Could you retype all of the data below exactly as given?

+++

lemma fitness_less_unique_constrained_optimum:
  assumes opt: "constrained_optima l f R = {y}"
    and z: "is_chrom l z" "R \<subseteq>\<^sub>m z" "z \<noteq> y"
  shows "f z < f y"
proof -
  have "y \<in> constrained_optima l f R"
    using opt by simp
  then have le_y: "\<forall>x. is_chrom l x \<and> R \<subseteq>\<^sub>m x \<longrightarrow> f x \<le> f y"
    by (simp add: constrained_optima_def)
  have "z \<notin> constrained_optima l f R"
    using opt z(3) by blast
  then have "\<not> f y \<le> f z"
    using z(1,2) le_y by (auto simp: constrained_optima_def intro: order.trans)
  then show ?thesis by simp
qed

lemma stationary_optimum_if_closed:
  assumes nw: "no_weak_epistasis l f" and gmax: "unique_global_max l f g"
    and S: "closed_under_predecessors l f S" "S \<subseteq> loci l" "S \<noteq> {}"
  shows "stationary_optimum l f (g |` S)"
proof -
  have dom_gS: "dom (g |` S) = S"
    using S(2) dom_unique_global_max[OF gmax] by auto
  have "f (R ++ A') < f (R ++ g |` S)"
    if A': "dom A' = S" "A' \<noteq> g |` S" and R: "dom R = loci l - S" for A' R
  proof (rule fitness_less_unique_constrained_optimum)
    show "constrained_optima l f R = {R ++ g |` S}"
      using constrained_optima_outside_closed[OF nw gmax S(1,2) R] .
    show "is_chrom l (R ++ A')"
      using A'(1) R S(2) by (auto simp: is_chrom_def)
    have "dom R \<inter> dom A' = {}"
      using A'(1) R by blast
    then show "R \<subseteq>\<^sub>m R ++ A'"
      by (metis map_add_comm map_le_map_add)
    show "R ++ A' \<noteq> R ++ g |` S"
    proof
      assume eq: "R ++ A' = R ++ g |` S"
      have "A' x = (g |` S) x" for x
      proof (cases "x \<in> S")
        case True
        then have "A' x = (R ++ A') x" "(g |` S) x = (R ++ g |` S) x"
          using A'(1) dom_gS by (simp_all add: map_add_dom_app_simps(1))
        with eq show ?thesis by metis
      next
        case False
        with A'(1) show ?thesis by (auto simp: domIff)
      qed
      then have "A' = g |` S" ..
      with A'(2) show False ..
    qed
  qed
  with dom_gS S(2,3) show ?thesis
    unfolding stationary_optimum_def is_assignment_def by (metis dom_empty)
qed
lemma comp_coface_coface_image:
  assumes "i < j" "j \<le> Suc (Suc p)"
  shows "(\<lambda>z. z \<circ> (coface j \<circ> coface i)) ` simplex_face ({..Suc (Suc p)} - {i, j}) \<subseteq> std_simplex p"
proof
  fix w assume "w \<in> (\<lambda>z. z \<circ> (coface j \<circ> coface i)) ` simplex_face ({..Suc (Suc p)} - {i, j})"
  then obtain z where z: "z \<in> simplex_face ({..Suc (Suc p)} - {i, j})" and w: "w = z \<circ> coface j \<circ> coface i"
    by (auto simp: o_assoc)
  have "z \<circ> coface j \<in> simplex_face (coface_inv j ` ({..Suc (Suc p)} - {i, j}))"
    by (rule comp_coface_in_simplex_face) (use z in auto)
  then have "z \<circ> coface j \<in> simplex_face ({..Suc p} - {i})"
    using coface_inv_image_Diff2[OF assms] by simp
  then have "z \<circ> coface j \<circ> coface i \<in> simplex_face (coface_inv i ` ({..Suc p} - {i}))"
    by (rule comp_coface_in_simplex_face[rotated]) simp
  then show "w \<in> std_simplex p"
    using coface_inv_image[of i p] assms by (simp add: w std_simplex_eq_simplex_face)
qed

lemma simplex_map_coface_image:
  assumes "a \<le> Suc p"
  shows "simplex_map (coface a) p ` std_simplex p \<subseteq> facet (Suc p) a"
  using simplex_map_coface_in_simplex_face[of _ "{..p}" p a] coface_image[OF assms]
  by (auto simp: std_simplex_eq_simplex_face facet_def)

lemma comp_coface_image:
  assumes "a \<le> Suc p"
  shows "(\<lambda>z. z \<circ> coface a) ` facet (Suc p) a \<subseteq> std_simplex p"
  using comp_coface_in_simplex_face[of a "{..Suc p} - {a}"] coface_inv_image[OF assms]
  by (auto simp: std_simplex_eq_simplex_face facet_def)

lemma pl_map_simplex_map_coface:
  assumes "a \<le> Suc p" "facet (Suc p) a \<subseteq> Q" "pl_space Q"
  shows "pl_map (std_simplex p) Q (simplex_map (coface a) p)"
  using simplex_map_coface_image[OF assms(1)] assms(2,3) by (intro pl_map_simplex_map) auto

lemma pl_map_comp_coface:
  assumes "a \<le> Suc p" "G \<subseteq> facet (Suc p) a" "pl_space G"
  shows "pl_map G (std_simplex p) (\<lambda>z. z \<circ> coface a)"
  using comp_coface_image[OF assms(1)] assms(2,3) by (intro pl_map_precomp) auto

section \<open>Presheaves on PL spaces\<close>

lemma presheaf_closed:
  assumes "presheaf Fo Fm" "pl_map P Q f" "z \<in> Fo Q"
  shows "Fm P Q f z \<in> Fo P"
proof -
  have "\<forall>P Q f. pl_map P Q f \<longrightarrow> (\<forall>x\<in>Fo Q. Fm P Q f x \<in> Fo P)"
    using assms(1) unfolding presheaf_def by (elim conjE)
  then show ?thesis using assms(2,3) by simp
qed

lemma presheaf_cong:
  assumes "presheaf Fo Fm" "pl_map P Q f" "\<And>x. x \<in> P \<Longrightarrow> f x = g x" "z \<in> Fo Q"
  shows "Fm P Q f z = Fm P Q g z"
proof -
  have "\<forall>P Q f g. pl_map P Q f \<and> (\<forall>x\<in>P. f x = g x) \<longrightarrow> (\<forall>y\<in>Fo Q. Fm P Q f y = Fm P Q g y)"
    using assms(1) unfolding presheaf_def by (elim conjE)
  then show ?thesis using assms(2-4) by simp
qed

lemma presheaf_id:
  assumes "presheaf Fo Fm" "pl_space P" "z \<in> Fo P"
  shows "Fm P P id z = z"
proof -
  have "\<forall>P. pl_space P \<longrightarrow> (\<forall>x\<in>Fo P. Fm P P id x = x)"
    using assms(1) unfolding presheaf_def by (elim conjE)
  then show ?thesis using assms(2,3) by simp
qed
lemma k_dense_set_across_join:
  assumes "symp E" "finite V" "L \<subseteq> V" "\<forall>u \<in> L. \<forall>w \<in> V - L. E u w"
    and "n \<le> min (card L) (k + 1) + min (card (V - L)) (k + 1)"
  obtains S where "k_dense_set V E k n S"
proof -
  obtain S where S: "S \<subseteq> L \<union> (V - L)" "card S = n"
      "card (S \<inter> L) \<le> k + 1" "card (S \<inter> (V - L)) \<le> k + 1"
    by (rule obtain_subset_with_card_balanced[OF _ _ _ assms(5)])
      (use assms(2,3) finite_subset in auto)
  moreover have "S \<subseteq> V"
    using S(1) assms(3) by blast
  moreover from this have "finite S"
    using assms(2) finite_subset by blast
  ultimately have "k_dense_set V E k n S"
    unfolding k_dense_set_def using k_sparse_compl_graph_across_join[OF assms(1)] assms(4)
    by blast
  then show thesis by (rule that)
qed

+++

Written response:
lemma fitness_less_unique_constrained_optimum:
  assumes opt: "constrained_optima l f R = {y}"
    and z: "is_chrom l z" "R \<subseteq>\<^sub>m z" "z \<noteq> y"
  shows "f z < f y"
proof -
  have "y \<in> constrained_optima l f R"
    using opt by simp
  then have le_y: "\<forall>x. is_chrom l x \<and> R \<subseteq>\<^sub>m x \<longrightarrow> f x \<le> f y"
    by (simp add: constrained_optima_def)
  have "z \<notin> constrained_optima l f R"
    using opt z(3) by blast
  then have "\<not> f y \<le> f z"
    using z(1,2) le_y by (auto simp: constrained_optima_def intro: order.trans)
  then show ?thesis by simp
qed

lemma stationary_optimum_if_closed:
  assumes nw: "no_weak_epistasis l f" and gmax: "unique_global_max l f g"
    and S: "closed_under_predecessors l f S" "S \<subseteq> loci l" "S \<noteq> {}"
  shows "stationary_optimum l f (g |` S)"
proof -
  have dom_gS: "dom (g |` S) = S"
    using S(2) dom_unique_global_max[OF gmax] by auto
  have "f (R ++ A') < f (R ++ g |` S)"
    if A': "dom A' = S" "A' \<noteq> g |` S" and R: "dom R = loci l - S" for A' R
  proof (rule fitness_less_unique_constrained_optimum)
    show "constrained_optima l f R = {R ++ g |` S}"
      using constrained_optima_outside_closed[OF nw gmax S(1,2) R] .
    show "is_chrom l (R ++ A')"
      using A'(1) R S(2) by (auto simp: is_chrom_def)
    have "dom R \<inter> dom A' = {}"
      using A'(1) R by blast
    then show "R \<subseteq>\<^sub>m R ++ A'"
      by (metis map_add_comm map_le_map_add)
    show "R ++ A' \<noteq> R ++ g |` S"
    proof
      assume eq: "R ++ A' = R ++ g |` S"
      have "A' x = (g |` S) x" for x
      proof (cases "x \<in> S")
        case True
        then have "A' x = (R ++ A') x" "(g |` S) x = (R ++ g |` S) x"
          using A'(1) dom_gS by (simp_all add: map_add_dom_app_simps(1))
        with eq show ?thesis by metis
      next
        case False
        with A'(1) show ?thesis by (auto simp: domIff)
      qed
      then have "A' = g |` S" ..
      with A'(2) show False ..
    qed
  qed
  with dom_gS S(2,3) show ?thesis
    unfolding stationary_optimum_def is_assignment_def by (metis dom_empty)
qed
lemma comp_coface_coface_image:
  assumes "i < j" "j \<le> Suc (Suc p)"
  shows "(\<lambda>z. z \<circ> (coface j \<circ> coface i)) ` simplex_face ({..Suc (Suc p)} - {i, j}) \<subseteq> std_simplex p"
proof
  fix w assume "w \<in> (\<lambda>z. z \<circ> (coface j \<circ> coface i)) ` simplex_face ({..Suc (Suc p)} - {i, j})"
  then obtain z where z: "z \<in> simplex_face ({..Suc (Suc p)} - {i, j})" and w: "w = z \<circ> coface j \<circ> coface i"
    by (auto simp: o_assoc)
  have "z \<circ> coface j \<in> simplex_face (coface_inv j ` ({..Suc (Suc p)} - {i, j}))"
    by (rule comp_coface_in_simplex_face) (use z in auto)
  then have "z \<circ> coface j \<in> simplex_face ({..Suc p} - {i})"
    using coface_inv_image_Diff2[OF assms] by simp
  then have "z \<circ> coface j \<circ> coface i \<in> simplex_face (coface_inv i ` ({..Suc p} - {i}))"
    by (rule comp_coface_in_simplex_face[rotated]) simp
  then show "w \<in> std_simplex p"
    using coface_inv_image[of i p] assms by (simp add: w std_simplex_eq_simplex_face)
qed

lemma simplex_map_coface_image:
  assumes "a \<le> Suc p"
  shows "simplex_map (coface a) p ` std_simplex p \<subseteq> facet (Suc p) a"
  using simplex_map_coface_in_simplex_face[of _ "{..p}" p a] coface_image[OF assms]
  by (auto simp: std_simplex_eq_simplex_face facet_def)

lemma comp_coface_image:
  assumes "a \<le> Suc p"
  shows "(\<lambda>z. z \<circ> coface a) ` facet (Suc p) a \<subseteq> std_simplex p"
  using comp_coface_in_simplex_face[of a "{..Suc p} - {a}"] coface_inv_image[OF assms]
  by (auto simp: std_simplex_eq_simplex_face facet_def)

lemma pl_map_simplex_map_coface:
  assumes "a \<le> Suc p" "facet (Suc p) a \<subseteq> Q" "pl_space Q"
  shows "pl_map (std_simplex p) Q (simplex_map (coface a) p)"
  using simplex_map_coface_image[OF assms(1)] assms(2,3) by (intro pl_map_simplex_map) auto

lemma pl_map_comp_coface:
  assumes "a \<le> Suc p" "G \<subseteq> facet (Suc p) a" "pl_space G"
  shows "pl_map G (std_simplex p) (\<lambda>z. z \<circ> coface a)"
  using comp_coface_image[OF assms(1)] assms(2,3) by (intro pl_map_precomp) auto

section \<open>Presheaves on PL spaces\<close>

lemma presheaf_closed:
  assumes "presheaf Fo Fm" "pl_map P Q f" "z \<in> Fo Q"
  shows "Fm P Q f z \<in> Fo P"
proof -
  have "\<forall>P Q f. pl_map P Q f \<longrightarrow> (\<forall>x\<in>Fo Q. Fm P Q f x \<in> Fo P)"
    using assms(1) unfolding presheaf_def by (elim conjE)
  then show ?thesis using assms(2,3) by simp
qed

lemma presheaf_cong:
  assumes "presheaf Fo Fm" "pl_map P Q f" "\<And>x. x \<in> P \<Longrightarrow> f x = g x" "z \<in> Fo Q"
  shows "Fm P Q f z = Fm P Q g z"
proof -
  have "\<forall>P Q f g. pl_map P Q f \<and> (\<forall>x\<in>P. f x = g x) \<longrightarrow> (\<forall>y\<in>Fo Q. Fm P Q f y = Fm P Q g y)"
    using assms(1) unfolding presheaf_def by (elim conjE)
  then show ?thesis using assms(2-4) by simp
qed

lemma presheaf_id:
  assumes "presheaf Fo Fm" "pl_space P" "z \<in> Fo P"
  shows "Fm P P id z = z"
proof -
  have "\<forall>P. pl_space P \<longrightarrow> (\<forall>x\<in>Fo P. Fm P P id x = x)"
    using assms(1) unfolding presheaf_def by (elim conjE)
  then show ?thesis using assms(2,3) by simp
qed
lemma k_dense_set_across_join:
  assumes "symp E" "finite V" "L \<subseteq> V" "\<forall>u \<in> L. \<forall>w \<in> V - L. E u w"
    and "n \<le> min (card L) (k + 1) + min (card (V - L)) (k + 1)"
  obtains S where "k_dense_set V E k n S"
proof -
  obtain S where S: "S \<subseteq> L \<union> (V - L)" "card S = n"
      "card (S \<inter> L) \<le> k + 1" "card (S \<inter> (V - L)) \<le> k + 1"
    by (rule obtain_subset_with_card_balanced[OF _ _ _ assms(5)])
      (use assms(2,3) finite_subset in auto)
  moreover have "S \<subseteq> V"
    using S(1) assms(3) by blast
  moreover from this have "finite S"
    using assms(2) finite_subset by blast
  ultimately have "k_dense_set V E k n S"
    unfolding k_dense_set_def using k_sparse_compl_graph_across_join[OF assms(1)] assms(4)
    by blast
  then show thesis by (rule that)
qed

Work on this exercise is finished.